Away from the dramas being played out on Wimbledon’s Centre Court lies one of the most unusual libraries in the UK. The Kenneth Ritchie Wimbledon Library sits in the Wimbledon Lawn Tennis Museum and boasts a glorious collection of pretty much anything in print related to tennis – from biographies to novels to stats compendiums.
The library stocks around 7,000 books which includes the novels – yes, really – that famous players in the past tried their hands at (or perhaps more accurately, lent their names too, other individuals doubtless doing the actual writing). So here is Ilie Nastase’s Tie Break and The Net, published in 1985 and 1987, respectively, and here is Martina Navratilova’s The Total Zone, published in 1994.

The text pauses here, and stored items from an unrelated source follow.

(* There is an absolute constant $C>0$ such that the following holds. Let $n,d,k\ge1$, let $\phi:\mathbb{R}\to\mathbb{R}$ be $L$-Lipschitz with $\phi(0)=0$, let $b>0$, and let $x_1,\dots,x_n,x'_1,\dots,x'_n\in\mathbb{R}^d$ satisfy $\|x_i\|_2,\|x'_i\|_2\le b$. For $a>0$ let $\mathcal{G}^k_a=\{A\in\mathbb{R}^{d\times k}:\|A\|_{2,\infty}\le a\}$. Then $$\widehat{\mathfrak{R}}\big(\mathcal{F}_k(\mathcal{G}^k_a)\big)\le C\left(\frac1n+\frac{a^2b^2\sqrt{k}\,L^2}{\sqrt n}\sqrt{\log(2dk)}\,\log\big(2+n\,b^2a^2L^2\big)\right).$$
   Context: For $A\in\mathbb{R}^{d\times k}$ with columns $A_{\cdot 1},\dots,A_{\cdot k}$: $\|A\|_{2,\infty}=\max_{j\le k}\|A_{\cdot j}\|_2$. For $u,v\in\mathbb{R}^k$, $\zeta_k(u,v)=\frac1k\|u-v\|_2^2$. The function $\phi$ is applied coordinatewise to vectors. Given fixed points $x_1,\dots,x_n,x'_1,\dots,x'_n\in\mathbb{R}^d$ and a set $\mathcal{G}\subset\mathbb{R}^{d\times k}$, define $\mathcal{F}_k(\mathcal{G})=\{(\zeta_k(\phi(A^tx_i),\phi(A^tx'_i)))_{i=1}^n : A\in\mathcal{G}\}\subset\mathbb{R}^n$. For a set $\mathcal{F}\subset\mathbb{R}^n$, $\widehat{\mathfrak{R}}(\mathcal{F})=\frac1n\mathbb{E}_\varepsilon\sup_{f\in\mathcal{F}}\sum_{i=1}^n\varepsilon_if_i$, where $\varepsilon_1,\dots,\varepsilon_n$ are i.i.d. uniform on $\{-1,1\}$. *)

theory Defs
  imports "HOL-Analysis.Analysis" "HOL-Library.FuncSet"
begin

text \<open>Vectors in R^m are represented as functions nat => real (only indices < m matter);
  a d x k matrix A is a function nat => nat => real with entries A i j, i < d, j < k.\<close>

definition vnorm :: "nat \<Rightarrow> (nat \<Rightarrow> real) \<Rightarrow> real" where
  "vnorm m x = sqrt (\<Sum>l<m. (x l)^2)"

definition norm_2inf :: "nat \<Rightarrow> nat \<Rightarrow> (nat \<Rightarrow> nat \<Rightarrow> real) \<Rightarrow> real" where
  "norm_2inf d k A = Max ((\<lambda>j. vnorm d (\<lambda>i. A i j)) ` {..<k})"

definition matT_vec :: "nat \<Rightarrow> (nat \<Rightarrow> nat \<Rightarrow> real) \<Rightarrow> (nat \<Rightarrow> real) \<Rightarrow> (nat \<Rightarrow> real)" where
  "matT_vec d A x = (\<lambda>j. \<Sum>i<d. A i j * x i)"

definition zeta :: "nat \<Rightarrow> (nat \<Rightarrow> real) \<Rightarrow> (nat \<Rightarrow> real) \<Rightarrow> real" where
  "zeta k u v = (1 / real k) * (\<Sum>j<k. (u j - v j)^2)"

When it comes to fiction, it seems authors have long associated the game with three things – crime, sex, and money – and few would dispute that at least two of those still explain some of the fascinations with the game today. So here’s a copy of Death Serves an Ace by Helen Wills and Robert Murphy, published by Scribners in 1939, and here’s The Tennis Murders: A Dion Quince Mystery by Timothy Welch, published by Popular Library New York in 1976, with its ‘read me’ subtitle: “The courts filled up with corpses as a smooth slaying killer served up death with a savage twist.”
It is fascinating to note the swathes of social history captured on the shelves. Arthur Ashe, who died in 1993, remains the only black man to win the singles title at Wimbledon, the US Open, and the Australian Open. The library has an old copy of his memoirs Advantage Ashe, published in 1967 by Coward-McCann Inc, New York. It has the subtitle: “The Story of the Young Negro who stormed the exclusive world of tennis to become the United States ranking amateur.” Contrast this with 2007’s Charging the Net – A History of Blacks in Tennis from Althea Gibson and Arthur Ashe to the Williams Sisters, by Cecil Harris and Larryette Kyle-Debose, published by Ivan R. Dee of Chicago. Changing times, changing language.
Founded in 1977 by Alan Little, Honorary Librarian, and compiler of the annual Wimbledon Compendium statistics resource, the Kenneth Ritchie Wimbledon Library is named after Lord Ritchie of Dundee, who was for many years a member of the management committee of the Championships.
It is a special place. Here, the players of yesterday who once graced the hallowed grass on the courts above, have another life altogether – and a kind of quiet, respectful immortality.